(* Let $\mathcal{P}$ be a ${\rm DLP}^{<}$ program and let $M$ be a (${\rm DLP}^{<}$-)answer set for $\mathcal{P}$. Then $M$ is a minimal model of $\mathcal{P}$, i.e. $M$ is a model for $\mathcal{P}$ and no proper subset of $M$ is a model for $\mathcal{P}$.
   Context: Syntax. Fix pairwise disjoint sets of variables, predicates and constants (no function symbols), and a finite strictly partially ordered set $(\mathcal{O},<)$ of object identifiers. An atom is $p(t_1,\dots,t_n)$ with $p$ an $n$-ary predicate and each $t_i$ a constant or variable. A literal is an atom $p$ or its strong negation $\neg p$; for a literal $L$, $\neg.L$ denotes its complementary literal. A rule has the form $a_1\vee\dots\vee a_n \leftarrow b_1,\dots,b_k,\ \mathtt{not}\ b_{k+1},\dots,\mathtt{not}\ b_m\ \otimes$ with $n\ge 1$, $m\ge 0$, all $a_i,b_j$ literals, and $\otimes$ either "." (the rule is defeasible) or "!" (the rule is strict). $Head(r)=\{a_1,\dots,a_n\}$, $Body^+(r)=\{b_1,\dots,b_k\}$, $Body^-(r)=\{b_{k+1},\dots,b_m\}$. An object is a pair $(oid(o),\Sigma(o))$ of an identifier in $\mathcal{O}$ and a set of rules; a knowledge base contains one object per identifier; the ${\rm DLP}^{<}$ program for $o$ is the set of objects $o'$ of the knowledge base with $o'=o$ or $o<o'$, ordered by $<$ on identifiers. Semantics. The Universe of $\mathcal{P}$ is the set of constants appearing in its rules; the Base $B_{\mathcal{P}}$ is the set of all ground literals (positive and negative) built from predicates of $\mathcal{P}$ and constants of the Universe. $ground(\mathcal{P})$ is the multiset of all ground instances of rules of $\mathcal{P}$ (instances of a rule occurring in several objects are kept distinct), and $obj\_of(r)$ is the object a ground instance $r$ comes from. An interpretation is a subset of $B_{\mathcal{P}}$ containing no pair of complementary literals. A ground literal $L$ is true in $I$ iff $L\in I$. The head of a ground rule is true in $I$ if some head literal is in $I$; the body is true in $I$ if $Body^+(r)\subseteq I$ and $Body^-(r)\cap I=\emptyset$; $r$ is satisfied in $I$ if its head is true or its body is not true in $I$. Ground rule $r_1$ threatens $r_2$ on $L$ if $\neg.L\in Head(r_1)$, $L\in Head(r_2)$, $obj\_of(r_1)<obj\_of(r_2)$ and $r_2$ is defeasible. $r_1$ overrides $r_2$ on $L$ in $I$ if $r_1$ threatens $r_2$ on $L$, $\neg.L\in I$, and the body of $r_2$ is true in $I$. A rule $r\in ground(\mathcal{P})$ is overridden in $I$ if for every $L\in Head(r)$ some $r_1\in ground(\mathcal{P})$ overrides $r$ on $L$ in $I$. $I$ is a model for $\mathcal{P}$ if every rule of $ground(\mathcal{P})$ is satisfied or overridden in $I$; it is a minimal model if no proper subset is a model. The reduction $G_I(\mathcal{P})$ is obtained from $ground(\mathcal{P})$ by (1) removing every rule overridden in $I$, (2) removing every rule $r$ with $Body^-(r)\cap I\neq\emptyset$, (3) deleting the $\mathtt{not}$-part of the remaining rules (and ignoring the strict/defeasible marker). For a set $S$ of ground rules, $pos(S)$ is the positive disjunctive program obtained by regarding each negative literal $\neg p(\bar t)$ as an atom of a new predicate $\neg p$. A model $M$ for $\mathcal{P}$ is a (${\rm DLP}^{<}$-)answer set for $\mathcal{P}$ if $M$ is a minimal model (a subset-minimal set of atoms satisfying every rule) of $pos(G_M(\mathcal{P}))$. *)

theory Defs
  imports Main
begin

datatype ('c, 'v) trm = Cst 'c | Var 'v

datatype ('p, 'c, 'v) atom = Atom 'p "('c, 'v) trm list"

text \<open>Literals: an atom or its strong negation.\<close>
datatype ('p, 'c, 'v) lit = Pos "('p, 'c, 'v) atom" | Neg "('p, 'c, 'v) atom"

fun compl :: "('p, 'c, 'v) lit \<Rightarrow> ('p, 'c, 'v) lit" where
  "compl (Pos a) = Neg a"
| "compl (Neg a) = Pos a"

text \<open>A rule  a1 v ... v an <- b1,...,bk, not b(k+1),..., not bm  followed by
  "." (defeasible, strict = False) or "!" (strict = True).\<close>
record ('p, 'c, 'v) rule =
  hd :: "('p, 'c, 'v) lit list"
  bpos :: "('p, 'c, 'v) lit list"
  bneg :: "('p, 'c, 'v) lit list"
  strict :: bool

definition Head :: "('p, 'c, 'v) rule \<Rightarrow> ('p, 'c, 'v) lit set" where
  "Head r = set (hd r)"
definition BodyP :: "('p, 'c, 'v) rule \<Rightarrow> ('p, 'c, 'v) lit set" where
  "BodyP r = set (bpos r)"
definition BodyN :: "('p, 'c, 'v) rule \<Rightarrow> ('p, 'c, 'v) lit set" where
  "BodyN r = set (bneg r)"

fun atom_of :: "('p, 'c, 'v) lit \<Rightarrow> ('p, 'c, 'v) atom" where
  "atom_of (Pos a) = a" | "atom_of (Neg a) = a"

fun args :: "('p, 'c, 'v) atom \<Rightarrow> ('c, 'v) trm list" where
  "args (Atom p ts) = ts"
fun pred :: "('p, 'c, 'v) atom \<Rightarrow> 'p" where
  "pred (Atom p ts) = p"

definition rule_lits :: "('p, 'c, 'v) rule \<Rightarrow> ('p, 'c, 'v) lit set" where
  "rule_lits r = Head r \<union> BodyP r \<union> BodyN r"

definition lit_consts :: "('p, 'c, 'v) lit \<Rightarrow> 'c set" where
  "lit_consts l = {c. Cst c \<in> set (args (atom_of l))}"
definition lit_vars :: "('p, 'c, 'v) lit \<Rightarrow> 'v set" where
  "lit_vars l = {v. Var v \<in> set (args (atom_of l))}"

definition rule_vars :: "('p, 'c, 'v) rule \<Rightarrow> 'v set" where
  "rule_vars r = (\<Union>l\<in>rule_lits r. lit_vars l)"

text \<open>A knowledge base: a finite set Ids of object identifiers, strictly partially ordered
  by lt, with one object (o, Sigma o) per identifier.\<close>

definition strict_po_on :: "'o set \<Rightarrow> ('o \<Rightarrow> 'o \<Rightarrow> bool) \<Rightarrow> bool" where
  "strict_po_on Ids lt \<longleftrightarrow> (\<forall>x\<in>Ids. \<not> lt x x) \<and>
     (\<forall>x\<in>Ids. \<forall>y\<in>Ids. \<forall>z\<in>Ids. lt x y \<longrightarrow> lt y z \<longrightarrow> lt x z)"

definition prog_objs :: "'o set \<Rightarrow> ('o \<Rightarrow> 'o \<Rightarrow> bool) \<Rightarrow> 'o \<Rightarrow> 'o set" where
  "prog_objs Ids lt o0 = {o' \<in> Ids. o' = o0 \<or> lt o0 o'}"

definition prog_rules ::
  "'o set \<Rightarrow> ('o \<Rightarrow> 'o \<Rightarrow> bool) \<Rightarrow> ('o \<Rightarrow> ('p, 'c, 'v) rule set) \<Rightarrow> 'o
     \<Rightarrow> ('o \<times> ('p, 'c, 'v) rule) set" where
  "prog_rules Ids lt Sig o0 = {(o', r). o' \<in> prog_objs Ids lt o0 \<and> r \<in> Sig o'}"

definition universe ::
  "('o \<times> ('p, 'c, 'v) rule) set \<Rightarrow> 'c set" where
  "universe R = (\<Union>(o', r)\<in>R. \<Union>l\<in>rule_lits r. lit_consts l)"

definition preds_arities :: "('o \<times> ('p, 'c, 'v) rule) set \<Rightarrow> ('p \<times> nat) set" where
  "preds_arities R =
     (\<Union>(o', r)\<in>R. (\<lambda>l. (pred (atom_of l), length (args (atom_of l)))) ` rule_lits r)"

definition base :: "('o \<times> ('p, 'c, 'v) rule) set \<Rightarrow> ('p, 'c, 'v) lit set" where
  "base R = {l. (pred (atom_of l), length (args (atom_of l))) \<in> preds_arities R
               \<and> (\<forall>t\<in>set (args (atom_of l)). \<exists>c\<in>universe R. t = Cst c)}"

fun subst_trm :: "('v \<Rightarrow> 'c) \<Rightarrow> ('c, 'v) trm \<Rightarrow> ('c, 'v) trm" where
  "subst_trm \<theta> (Cst c) = Cst c"
| "subst_trm \<theta> (Var v) = Cst (\<theta> v)"

fun subst_atom :: "('v \<Rightarrow> 'c) \<Rightarrow> ('p, 'c, 'v) atom \<Rightarrow> ('p, 'c, 'v) atom" where
  "subst_atom \<theta> (Atom p ts) = Atom p (map (subst_trm \<theta>) ts)"

fun subst_lit :: "('v \<Rightarrow> 'c) \<Rightarrow> ('p, 'c, 'v) lit \<Rightarrow> ('p, 'c, 'v) lit" where
  "subst_lit \<theta> (Pos a) = Pos (subst_atom \<theta> a)"
| "subst_lit \<theta> (Neg a) = Neg (subst_atom \<theta> a)"

definition subst_rule :: "('v \<Rightarrow> 'c) \<Rightarrow> ('p, 'c, 'v) rule \<Rightarrow> ('p, 'c, 'v) rule" where
  "subst_rule \<theta> r = \<lparr> hd = map (subst_lit \<theta>) (hd r), bpos = map (subst_lit \<theta>) (bpos r),
                        bneg = map (subst_lit \<theta>) (bneg r), strict = strict r \<rparr>"

text \<open>ground(P): ground instances (over the Universe) of rules of P, tagged with the
  object they come from (so instances from different objects stay distinct); the first
  component of a ground rule is obj_of.\<close>
definition ground ::
  "('o \<times> ('p, 'c, 'v) rule) set \<Rightarrow> ('o \<times> ('p, 'c, 'v) rule) set" where
  "ground R = {(o', subst_rule \<theta> r) | o' r \<theta>.
                 (o', r) \<in> R \<and> (\<forall>v\<in>rule_vars r. \<theta> v \<in> universe R)}"

definition is_interp :: "('o \<times> ('p, 'c, 'v) rule) set \<Rightarrow> ('p, 'c, 'v) lit set \<Rightarrow> bool" where
  "is_interp R I \<longleftrightarrow> I \<subseteq> base R \<and> (\<forall>l\<in>I. compl l \<notin> I)"

definition head_true :: "('p, 'c, 'v) rule \<Rightarrow> ('p, 'c, 'v) lit set \<Rightarrow> bool" where
  "head_true r I \<longleftrightarrow> Head r \<inter> I \<noteq> {}"

definition body_true :: "('p, 'c, 'v) rule \<Rightarrow> ('p, 'c, 'v) lit set \<Rightarrow> bool" where
  "body_true r I \<longleftrightarrow> BodyP r \<subseteq> I \<and> BodyN r \<inter> I = {}"

definition satisfied :: "('p, 'c, 'v) rule \<Rightarrow> ('p, 'c, 'v) lit set \<Rightarrow> bool" where
  "satisfied r I \<longleftrightarrow> head_true r I \<or> \<not> body_true r I"

definition threatens ::
  "('o \<Rightarrow> 'o \<Rightarrow> bool) \<Rightarrow> 'o \<times> ('p, 'c, 'v) rule \<Rightarrow> 'o \<times> ('p, 'c, 'v) rule
     \<Rightarrow> ('p, 'c, 'v) lit \<Rightarrow> bool" where
  "threatens lt r1 r2 L \<longleftrightarrow> compl L \<in> Head (snd r1) \<and> L \<in> Head (snd r2)
      \<and> lt (fst r1) (fst r2) \<and> \<not> strict (snd r2)"

definition overrides ::
  "('o \<Rightarrow> 'o \<Rightarrow> bool) \<Rightarrow> 'o \<times> ('p, 'c, 'v) rule \<Rightarrow> 'o \<times> ('p, 'c, 'v) rule
     \<Rightarrow> ('p, 'c, 'v) lit \<Rightarrow> ('p, 'c, 'v) lit set \<Rightarrow> bool" where
  "overrides lt r1 r2 L I \<longleftrightarrow> threatens lt r1 r2 L \<and> compl L \<in> I \<and> body_true (snd r2) I"

definition overridden ::
  "('o \<Rightarrow> 'o \<Rightarrow> bool) \<Rightarrow> ('o \<times> ('p, 'c, 'v) rule) set \<Rightarrow> 'o \<times> ('p, 'c, 'v) rule
     \<Rightarrow> ('p, 'c, 'v) lit set \<Rightarrow> bool" where
  "overridden lt R r I \<longleftrightarrow> (\<forall>L\<in>Head (snd r). \<exists>r1\<in>ground R. overrides lt r1 r L I)"

definition is_model ::
  "('o \<Rightarrow> 'o \<Rightarrow> bool) \<Rightarrow> ('o \<times> ('p, 'c, 'v) rule) set \<Rightarrow> ('p, 'c, 'v) lit set \<Rightarrow> bool" where
  "is_model lt R I \<longleftrightarrow> is_interp R I \<and>
     (\<forall>r\<in>ground R. satisfied (snd r) I \<or> overridden lt R r I)"

definition minimal_model ::
  "('o \<Rightarrow> 'o \<Rightarrow> bool) \<Rightarrow> ('o \<times> ('p, 'c, 'v) rule) set \<Rightarrow> ('p, 'c, 'v) lit set \<Rightarrow> bool" where
  "minimal_model lt R M \<longleftrightarrow> is_model lt R M \<and> \<not> (\<exists>N. N \<subset> M \<and> is_model lt R N)"

text \<open>The reduction G_I(P) (steps (1),(2)); step (3) and pos(.) are realised by reading
  only Head and Body+ of the remaining rules, with literals treated as atoms.\<close>
definition reduct ::
  "('o \<Rightarrow> 'o \<Rightarrow> bool) \<Rightarrow> ('o \<times> ('p, 'c, 'v) rule) set \<Rightarrow> ('p, 'c, 'v) lit set
     \<Rightarrow> ('o \<times> ('p, 'c, 'v) rule) set" where
  "reduct lt R I = {r \<in> ground R. \<not> overridden lt R r I \<and> BodyN (snd r) \<inter> I = {}}"

text \<open>X (a set of literals regarded as atoms) satisfies the positive disjunctive program
  pos(S): every rule with Body+ in X has some head literal in X.\<close>
definition pos_model ::
  "('o \<times> ('p, 'c, 'v) rule) set \<Rightarrow> ('p, 'c, 'v) lit set \<Rightarrow> bool" where
  "pos_model S X \<longleftrightarrow> (\<forall>r\<in>S. BodyP (snd r) \<subseteq> X \<longrightarrow> Head (snd r) \<inter> X \<noteq> {})"

definition pos_minimal_model ::
  "('o \<times> ('p, 'c, 'v) rule) set \<Rightarrow> ('p, 'c, 'v) lit set \<Rightarrow> bool" where
  "pos_minimal_model S X \<longleftrightarrow> pos_model S X \<and> \<not> (\<exists>Y. Y \<subset> X \<and> pos_model S Y)"

definition answer_set ::
  "('o \<Rightarrow> 'o \<Rightarrow> bool) \<Rightarrow> ('o \<times> ('p, 'c, 'v) rule) set \<Rightarrow> ('p, 'c, 'v) lit set \<Rightarrow> bool" where
  "answer_set lt R M \<longleftrightarrow> is_model lt R M \<and> pos_minimal_model (reduct lt R M) M"

end

theory Submission
  imports Defs
begin

text \<open>If a model N of the program is contained in an answer set M, then N is also a model
  of the positive program pos(G_M): the reduct keeps only rules whose negative body is false
  in M (hence in N) and which are not overridden in M; overriding is monotone in the
  interpretation, so such a rule is not overridden in N either and must be satisfied there.
  Minimality of M for pos(G_M) then forces N = M. The argument works for an arbitrary set of
  rules.\<close>

lemma body_true_subset:
  assumes "body_true r M" and "BodyP r \<subseteq> N" and "N \<subseteq> M"
  shows "body_true r N"
  using assms by (auto simp: body_true_def)

lemma overridden_mono:
  assumes "overridden lt R r N" and "N \<subseteq> M" and "body_true (snd r) M"
  shows "overridden lt R r M"
  using assms unfolding overridden_def overrides_def by blast

lemma model_subset_imp_pos_model_reduct:
  assumes model: "is_model lt R N" and "N \<subseteq> M"
  shows "pos_model (reduct lt R M) N"
  unfolding pos_model_def
proof (intro ballI impI)
  fix r
  assume r: "r \<in> reduct lt R M" and body_pos: "BodyP (snd r) \<subseteq> N"
  have ground: "r \<in> ground R" and not_overridden: "\<not> overridden lt R r M"
    and body_neg: "BodyN (snd r) \<inter> M = {}"
    using r by (auto simp: reduct_def)
  have body_M: "body_true (snd r) M"
    using body_pos body_neg \<open>N \<subseteq> M\<close> by (auto simp: body_true_def)
  then have body_N: "body_true (snd r) N"
    using body_pos \<open>N \<subseteq> M\<close> by (rule body_true_subset)
  have "\<not> overridden lt R r N"
    using overridden_mono[OF _ \<open>N \<subseteq> M\<close> body_M] not_overridden by blast
  with model ground have "satisfied (snd r) N"
    by (auto simp: is_model_def)
  with body_N show "Head (snd r) \<inter> N \<noteq> {}"
    by (simp add: satisfied_def head_true_def)
qed

lemma answer_set_imp_minimal_model:
  assumes "answer_set lt R M"
  shows "minimal_model lt R M"
proof -
  have model: "is_model lt R M" and minimal: "pos_minimal_model (reduct lt R M) M"
    using assms by (auto simp: answer_set_def)
  have "\<not> is_model lt R N" if "N \<subset> M" for N
    using minimal that model_subset_imp_pos_model_reduct[of lt R N M]
    by (auto simp: pos_minimal_model_def)
  with model show ?thesis
    by (auto simp: minimal_model_def)
qed

theorem proposition3p1:
  fixes Ids :: "'o set" and lt :: "'o \<Rightarrow> 'o \<Rightarrow> bool"
    and Sig :: "'o \<Rightarrow> ('p, 'c, 'v) rule set" and o0 :: 'o
    and M :: "('p, 'c, 'v) lit set"
  assumes "finite Ids" and "strict_po_on Ids lt" and "o0 \<in> Ids"
    and "\<And>o0'. o0' \<in> Ids \<Longrightarrow> finite (Sig o0')"
    and "\<And>o0' r. o0' \<in> Ids \<Longrightarrow> r \<in> Sig o0' \<Longrightarrow> hd r \<noteq> []"
    and "answer_set lt (prog_rules Ids lt Sig o0) M"
  shows "minimal_model lt (prog_rules Ids lt Sig o0) M"
  using assms(6) by (rule answer_set_imp_minimal_model)

end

## AIM OF THE EXERCISE
Please report every line of the records above that contains the word "shows".

## SOLUTION TO THIS EXERCISE
  shows "body_true r N"
  shows "overridden lt R r M"
  shows "pos_model (reduct lt R M) N"
  shows "minimal_model lt R M"
  shows "minimal_model lt (prog_rules Ids lt Sig o0) M"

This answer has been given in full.